Are you, are you Coming to the tree?

А ты, а ты

Подходишь, приходишь к дереву,

      Эта песня всегда всплывала не тогда, когда вспоминалась, — а тогда, когда становилась частью пространства. Когда лес молчал иначе, когда «певчие» вдруг звучали не рядом, а внутри, когда воздух выравнивался до такой тишины, что слово само вытекало из дыхания. Это была не память. Это было — как эхо, дошедшее с опозданием на годы, как голос, который она не слышала, но знала. И вопрос этот — он не к кому-то, не из прошлого. Он звучал откуда-то из самого глубинного — оттуда, где не осталось никого. «Ты снова здесь?» — не потому что звал кто-то, а потому что Элли вечно тянуло в одно и то же место. К дереву. К точке, где всё обрывается и, одновременно, сшивается заново. Той, которую она носила в себе.

They strung up a man They say who murdered three

На котором повешен человек,

Якобы убивший троих?

      Строчка скользнула в горле, словно была там всегда.

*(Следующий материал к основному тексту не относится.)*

lemma ip_avec_centered:
  fixes p :: nat and u t x :: "nat \<Rightarrow> real" and b v :: real
  defines "L \<equiv> \<lambda>y. of_bool (\<bar>b + ip p y u\<bar> < v) :: real"
  shows "ip p t (\<lambda>i. avec p u b v x i - (\<integral>y. avec p u b v y i \<partial>std_gauss p))
       = L x * ip p (\<lambda>i. b * t i) x - (\<integral>y. L y * ip p (\<lambda>i. b * t i) y \<partial>std_gauss p)"
proof -
  have avec_eq: "avec p u b v y i = b * (L y * y i)" for y i
    unfolding avec_def L_def by simp
  have int: "integrable (std_gauss p) (\<lambda>y. w i * (L y * y i))" if "i < p" for i w
    using that unfolding L_def
    by (intro integrable_mult_right Bochner_Integration.integrable_bound[OF integrable_component_std_gauss])
      auto
  have "(\<integral>y. L y * ip p (\<lambda>i. b * t i) y \<partial>std_gauss p)
      = (\<integral>y. (\<Sum>i<p. b * t i * (L y * y i)) \<partial>std_gauss p)"
    by (simp add: ip_def sum_distrib_left mult.left_commute)
  also have "\<dots> = (\<Sum>i<p. b * t i * (\<integral>y. L y * y i \<partial>std_gauss p))"
    using int by (simp add: integral_sum)
  finally have mean: "(\<integral>y. L y * ip p (\<lambda>i. b * t i) y \<partial>std_gauss p)
      = (\<Sum>i<p. b * t i * (\<integral>y. L y * y i \<partial>std_gauss p))" .
  have "ip p t (\<lambda>i. avec p u b v x i - (\<integral>y. avec p u b v y i \<partial>std_gauss p))
      = (\<Sum>i<p. t i * (b * (L x * x i)) - t i * (b * (\<integral>y. L y * y i \<partial>std_gauss p)))"
    by (simp add: ip_def avec_eq right_diff_distrib)
  also have "\<dots> = L x * ip p (\<lambda>i. b * t i) x - (\<Sum>i<p. b * t i * (\<integral>y. L y * y i \<partial>std_gauss p))"
    by (simp add: ip_def sum_subtractf sum_distrib_left algebra_simps)
  finally show ?thesis unfolding mean .
qed

theorem mainTheorem8:
  shows "\<exists>c>0. \<forall>p::nat. \<forall>(u::nat \<Rightarrow> real) (b::real) (v::real) (t::nat \<Rightarrow> real).
     p \<ge> 1 \<longrightarrow>
     (\<integral>\<^sup>+ x. ennreal (exp (ip p t (\<lambda>i. avec p u b v x i
                 - (\<integral> y. avec p u b v y i \<partial>std_gauss p)))) \<partial>std_gauss p)
       \<le> ennreal (exp (c * b\<^sup>2 * sqnorm p t / 2))"
proof (intro exI[of _ "200::real"] conjI allI impI)
  fix p :: nat and u t :: "nat \<Rightarrow> real" and b v :: real
  interpret prob_space "std_gauss p" by (rule prob_space_std_gauss)
  define L where "L y = (of_bool (\<bar>b + ip p y u\<bar> < v) :: real)" for y
  define w where "w i = b * t i" for i
  have "subgaussian (std_gauss p)
      (\<lambda>x. L x * ip p w x - expectation (\<lambda>y. L y * ip p w y)) (200 * sqnorm p w)"
    using subgaussian_ip_std_gauss expectation_ip_std_gauss
    by (rule subgaussian_mult_bounded_centered) (auto simp: L_def)
  then have "(\<integral>\<^sup>+x. ennreal (exp (L x * ip p w x - expectation (\<lambda>y. L y * ip p w y))) \<partial>std_gauss p)
      \<le> ennreal (exp (200 * sqnorm p w / 2))"
    by (rule subgaussian_nn_integral_exp_le)
  moreover have "ip p t (\<lambda>i. avec p u b v x i - (\<integral>y. avec p u b v y i \<partial>std_gauss p))
      = L x * ip p w x - expectation (\<lambda>y. L y * ip p w y)" for x
    unfolding L_def w_def by (rule ip_avec_centered)
  moreover have "sqnorm p w = b\<^sup>2 * sqnorm p t"
    by (simp add: w_def sqnorm_def sum_distrib_left power_mult_distrib)
  ultimately show "(\<integral>\<^sup>+ x. ennreal (exp (ip p t (\<lambda>i. avec p u b v x i
                 - (\<integral> y. avec p u b v y i \<partial>std_gauss p)))) \<partial>std_gauss p)
       \<le> ennreal (exp (200 * b\<^sup>2 * sqnorm p t / 2))"
    by (simp add: mult.assoc)
qed simp

end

Ни о чём конкретном, ни про кого, просто — отклик. И отозвалось не сердцем, не разумом , а телом. Там, где затихают объяснения, но остаётся рефлекс. Спина, живот, пальцы — будто уже цеплялись за эти слова когда-то, в другом месте, в другой жизни. В том, где вина не обсуждалась — просто была. Её никто не вешал, никто не судил, но где-то внутри она чувствовала, что уже стоит там, где всё решено. Где нет апелляции, где всё, что с ней происходило — и то, что она делала — давно повесили на неё верёвкой. И осталась только песня — как форма дыхания, или исповеди.

Strange things did happen here No stranger would it be

Здесь происходили странные вещи.

И не так уж странно было бы,

      Элли шла, не прекращая петь. И каждый шаг по этой мокрой тропе казался не просто движением, а чем-то вроде ритуала. Потому что всё, что происходило — уже не было странным. Иммунитет? Убийства? Потеря за потерей, как бесконечная дробь? Когда странности повторяются слишком часто, они перестают быть странными, они становятся фоном, а на этом фоне — ты. Такая же, как и всегда, немного тише, немного пустее, немного дальше от себя. Не удивляешься, не удивляешь, и если бы кто-то вдруг оказался рядом, прямо сейчас — это бы не показалось чудом. Это просто был бы факт. Она не знала, почему вообще поёт эту мелодию, почему именно сейчас, почему именно здесь — но знала, что в этот момент она не одна. Не потому что кто-то рядом, а потому что кто-то когда-то был.

If we met at midnight In the hanging tree

Если бы мы встретились в полночь

Под деревом висельников.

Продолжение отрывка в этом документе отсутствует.